У меня есть еще одно уточнение – тоже своего рода «ректификация», хоть и менее прямолинейная. Оно не имеет ни малейшего отношения к средствам выражения и касается моего писательства в другом смысле. Мне ли критиковать моих судей, тем более что я всегда полагал их самыми справедливыми и даже сверх того. И все-таки мне кажется, что они, несмотря на неизменный интерес и симпатию, слишком многое из того, что присуще лично мне, относили на счет национального и исторического влияния. Так называемая в литературных кругах «славянская душа» предельно чужда польскому характеру с его традиционной сдержанностью, галантной нравственностью и даже чрезмерным уважением к правам личности. Не говоря уже о том важном факте, что сам польский менталитет, западный по духу, сформировался под влиянием Италии и Франции и исторически всегда оставался, даже в религиозных вопросах, в согласии с наиболее либеральными течениями европейской мысли. Непредвзятый взгляд на род людской во всем его великолепии и убогости в сочетании с особым вниманием к правам угнетенных, не из религиозных соображений, но из чувства товарищества и бескорыстной взаимопомощи – вот основная черта интеллектуальной и нравственной атмосферы тех домов, что стали убежищем моему тревожному детству. Все это на основании спокойного и глубокого убеждения – неизменного и последовательного, бесконечно далекого от того человеколюбия, которое есть не более чем следствие расшатанных нервов или нечистой совести.

Один из моих самых доброжелательных критиков пытался объяснить некоторые особенности моей литературной деятельности тем, что я, по его словам, являюсь «сыном революционера». Совершенно неуместно так называть человека со столь сильным чувством ответственности во всем, что касается идей и поступков, и столь равнодушного к голосу личных амбиций, как мой отец. Я до сих пор не понимаю, почему польские восстания 1831 и 1863 годов по всей Европе считались «революциями». Ведь по сути это были восстания против иностранного господства. Сами русские использовали слово «бунт», что, с их точки зрения, вполне точно отражало события. Среди людей, вовлеченных в подготовку восстания 1863 года, мой отец был настроен не более революционно, чем остальные, в том смысле, что они вовсе не собирались свергать существующий общественный или политический строй. Он просто был патриотом, то есть человеком, который, веря в национальный дух, не желал мириться с его порабощением.

Упомянутая в благожелательной попытке глубже понять сочинения сына фигура моего отца потребует еще нескольких слов.
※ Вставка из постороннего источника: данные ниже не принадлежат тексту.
lemma nn_integral_powr_layer_cake:
  fixes f :: "'a \<Rightarrow> real"
  assumes "sigma_finite_measure M" and [measurable]: "f \<in> borel_measurable M" "\<Omega> \<in> sets M"
    and \<beta>: "0 < \<beta>" and f_nonneg: "\<And>x. 0 \<le> f x"
  shows "(\<integral>\<^sup>+x. indicator \<Omega> x * ennreal (f x powr \<beta>) \<partial>M) =
    (\<integral>\<^sup>+t. indicator {0..} t * ennreal (\<beta> * t powr (\<beta> - 1)) * emeasure M {x\<in>\<Omega>. t \<le> f x} \<partial>lborel)"
proof -
  interpret pair_sigma_finite M lborel
    using assms(1) by (simp add: pair_sigma_finite_def lborel.sigma_finite_measure_axioms)
  let ?w = "\<lambda>t. ennreal (\<beta> * t powr (\<beta> - 1))"
  have "(\<integral>\<^sup>+x. indicator \<Omega> x * ennreal (f x powr \<beta>) \<partial>M) =
      (\<integral>\<^sup>+x. (\<integral>\<^sup>+t. indicator \<Omega> x * (indicator {0..f x} t * ?w t) \<partial>lborel) \<partial>M)"
    by (intro nn_integral_cong, subst nn_integral_cmult)
      (auto simp: nn_integral_powr_Icc \<beta> f_nonneg)
  also have "\<dots> = (\<integral>\<^sup>+t. (\<integral>\<^sup>+x. indicator \<Omega> x * (indicator {0..f x} t * ?w t) \<partial>M) \<partial>lborel)"
  proof (rule Fubini'[symmetric])
    have "(\<lambda>(x, t). if x \<in> \<Omega> \<and> 0 \<le> t \<and> t \<le> f x then ?w t else 0) \<in> borel_measurable (M \<Otimes>\<^sub>M lborel)"
      by measurable
    then show "(\<lambda>(x, t). indicator \<Omega> x * (indicator {0..f x} t * ?w t))
        \<in> borel_measurable (M \<Otimes>\<^sub>M lborel)"
      by (rule measurable_cong[THEN iffD1, rotated]) (auto simp: indicator_def)
  qed
  also have "\<dots> = (\<integral>\<^sup>+t. indicator {0..} t * ?w t * emeasure M {x\<in>\<Omega>. t \<le> f x} \<partial>lborel)"
  proof (intro nn_integral_cong)
    fix t :: real
    have "(\<integral>\<^sup>+x. indicator \<Omega> x * (indicator {0..f x} t * ?w t) \<partial>M) =
        (\<integral>\<^sup>+x. indicator {0..} t * ?w t * indicator {x\<in>\<Omega>. t \<le> f x} x \<partial>M)"
      by (intro nn_integral_cong) (auto simp: indicator_def)
    then show "(\<integral>\<^sup>+x. indicator \<Omega> x * (indicator {0..f x} t * ?w t) \<partial>M) =
        indicator {0..} t * ?w t * emeasure M {x\<in>\<Omega>. t \<le> f x}"
      by (simp add: nn_integral_cmult_indicator)
  qed
  finally show ?thesis .
qed

lemma has_integral_Beta_scaled:
  fixes N :: nat
  assumes "0 < \<beta>" "0 < r"
  shows "((\<lambda>t. t powr (\<beta> - 1) * (1 - t / r) ^ N) has_integral
    r powr \<beta> * Beta \<beta> (real N + 1)) {0..r}"
proof -
  have "((\<lambda>s. s powr (\<beta> - 1) * (1 - s) powr (real N + 1 - 1)) has_integral
      Beta \<beta> (real N + 1)) {0..1}"
    using assms(1) by (intro has_integral_Beta_real) auto
  then have "((\<lambda>s. s powr (\<beta> - 1) * (1 - s) ^ N) has_integral Beta \<beta> (real N + 1)) {0..1}"
    by (rule has_integral_spike[of "{1}", rotated 2]) (auto simp: powr_realpow)
  from has_integral_stretch_real[OF this, of "1 / r"]
  have "((\<lambda>t. (t / r) powr (\<beta> - 1) * (1 - t / r) ^ N) has_integral r * Beta \<beta> (real N + 1)) {0..r}"
    using assms(2) by (simp add: image_mult_atLeastAtMost_if')
  from has_integral_mult_left[OF this, of "r powr (\<beta> - 1)"]
  have "((\<lambda>t. t powr (\<beta> - 1) * (1 - t / r) ^ N) has_integral
      r * r powr (\<beta> - 1) * Beta \<beta> (real N + 1)) {0..r}"
    using assms(2) by (simp add: powr_divide mult_ac)
  moreover have "r * r powr (\<beta> - 1) = r powr \<beta>"
    using assms(2) by (simp add: powr_diff)
  ultimately show ?thesis
    by simp
qed

lemma nn_integral_Beta_scaled:
  fixes N :: nat
  assumes "0 < \<beta>" "0 < r"
  shows "(\<integral>\<^sup>+t. indicator {0..r} t * ennreal (\<beta> * t powr (\<beta> - 1) * (1 - t / r) ^ N) \<partial>lborel) =
    ennreal (r powr \<beta> * (\<beta> * Beta \<beta> (real N + 1)))"
proof -
  have "((\<lambda>t. \<beta> * t powr (\<beta> - 1) * (1 - t / r) ^ N) has_integral
      r powr \<beta> * (\<beta> * Beta \<beta> (real N + 1))) {0..r}"
    using has_integral_mult_right[OF has_integral_Beta_scaled[OF assms], of \<beta> N]
    by (simp add: mult_ac)
  from nn_integral_has_integral_lebesgue[OF _ this]
  have "(\<integral>\<^sup>+t. ennreal (indicator {0..r} t * (\<beta> * t powr (\<beta> - 1) * (1 - t / r) ^ N)) \<partial>lborel) =
      ennreal (r powr \<beta> * (\<beta> * Beta \<beta> (real N + 1)))"
    using assms by simp
  then show ?thesis
    by (simp add: indicator_mult_ennreal mult.commute)
qed

lemma Beta_real_pos:
  fixes a b :: real
  assumes "0 < a" "0 < b"
  shows "0 < Beta a b"
  using assms by (simp add: Beta_def)

lemma inverse_gen_binom:
  assumes "0 < \<beta>"
  shows "inverse (gen_binom (real N) \<beta>) = \<beta> * Beta \<beta> (real N + 1)"
proof -
  have "Gamma (\<beta> + 1) = \<beta> * Gamma \<beta>"
    using assms by (intro Gamma_plus1) (auto elim!: nonpos_Ints_cases)
  moreover have "0 < Gamma (real N + \<beta> + 1)"
    using assms by (intro Gamma_real_pos) simp
  ultimately show ?thesis
    using assms by (simp add: gen_binom_def Beta_def field_simps)
qed

section \<open>Distance to the boundary and inradius\<close>

lemma dist_bd_nonneg: "0 \<le> dist_bd \<Omega> x"
  by (simp add: dist_bd_def infdist_nonneg)

lemma borel_measurable_dist_bd [measurable]: "dist_bd \<Omega> \<in> borel_measurable borel"
  unfolding dist_bd_def
  by (intro borel_measurable_continuous_onI continuous_on_infdist continuous_on_id)

lemma frontier_bounded_nonempty:
  fixes \<Omega> :: "'a::euclidean_space set"
  assumes "bounded \<Omega>" "\<Omega> \<noteq> {}"
  shows "frontier \<Omega> \<noteq> {}"
  using assms by (metis frontier_not_empty not_bounded_UNIV)

lemma ball_subset_imp_le_dist_bd:
  assumes "ball x \<rho> \<subseteq> \<Omega>" "frontier \<Omega> \<noteq> {}"
  shows "\<rho> \<le> dist_bd \<Omega> x"
proof -
  have "\<rho> \<le> dist x a" if "a \<in> frontier \<Omega>" for a
  proof -
    have "ball x \<rho> \<subseteq> interior \<Omega>"
      using assms(1) by (simp add: interior_maximal)
    then have "a \<notin> ball x \<rho>"
      using that by (auto simp: frontier_def)
    then show ?thesis by simp
  qed
  then show ?thesis
    unfolding dist_bd_def infdist_notempty[OF assms(2)] by (intro cINF_greatest assms(2))
qed

lemma ball_dist_bd_subset:
  assumes "x \<in> \<Omega>"
  shows "ball x (dist_bd \<Omega> x) \<subseteq> \<Omega>"
proof (rule ccontr)
  assume not_subset: "\<not> ball x (dist_bd \<Omega> x) \<subseteq> \<Omega>"
  then have "0 < dist_bd \<Omega> x"
    by (metis ball_eq_empty empty_subsetI not_less)
  then have centre: "x \<in> ball x (dist_bd \<Omega> x)"
    by simp
  have "ball x (dist_bd \<Omega> x) \<inter> frontier \<Omega> \<noteq> {}"
    using connected_Int_frontier[OF connected_ball, of x _ \<Omega>] assms not_subset centre by blast
  then obtain a where "a \<in> frontier \<Omega>" "dist x a < infdist x (frontier \<Omega>)"
    by (auto simp: dist_bd_def)
  then show False
    using infdist_le[of a "frontier \<Omega>" x] by simp
qed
Ребенком я, конечно, очень мало знал о его деятельности, ведь мне не было и двенадцати, когда он умер. То, что я видел своими глазами, – это его гражданские похороны; перекрытые улицы, притихшие толпы. Однако я отчетливо понимал, что все это – просто подходящий повод, чтобы проявить дух национального единства. Толпы рабочих с непокрытыми головами, университетская молодежь, женские лица в окнах, школьники на тротуарах – все эти люди могли ничего не знать о моем отце лично, он был известен им лишь своей приверженностью тому путеводному чувству, которое разделяли все. Я и сам знал не больше других, и это грандиозное безмолвное шествие казалось мне вполне естественной данью, но не человеку – Идее.

Куда более личное впечатление я получил, когда недели за две до смерти отца сжигались его рукописи. Это делалось под его личным присмотром. Так случилось, что тем вечером я зашел в его комнату немного раньше обычного и, никем не замеченный, наблюдал, как сиделка кормила пламя в камине. Мой отец, подпертый подушками, сидел в глубоком кресле. Это был последний раз, когда я видел его не в постели. Он выглядел не столько безнадежно больным, сколько смертельно усталым – побежденным человеком. В этом разрушительном действе меня больше всего поразила атмосфера поражения. Впрочем, капитулировал он не перед смертью. Человеку столь сильной веры она не могла быть врагом.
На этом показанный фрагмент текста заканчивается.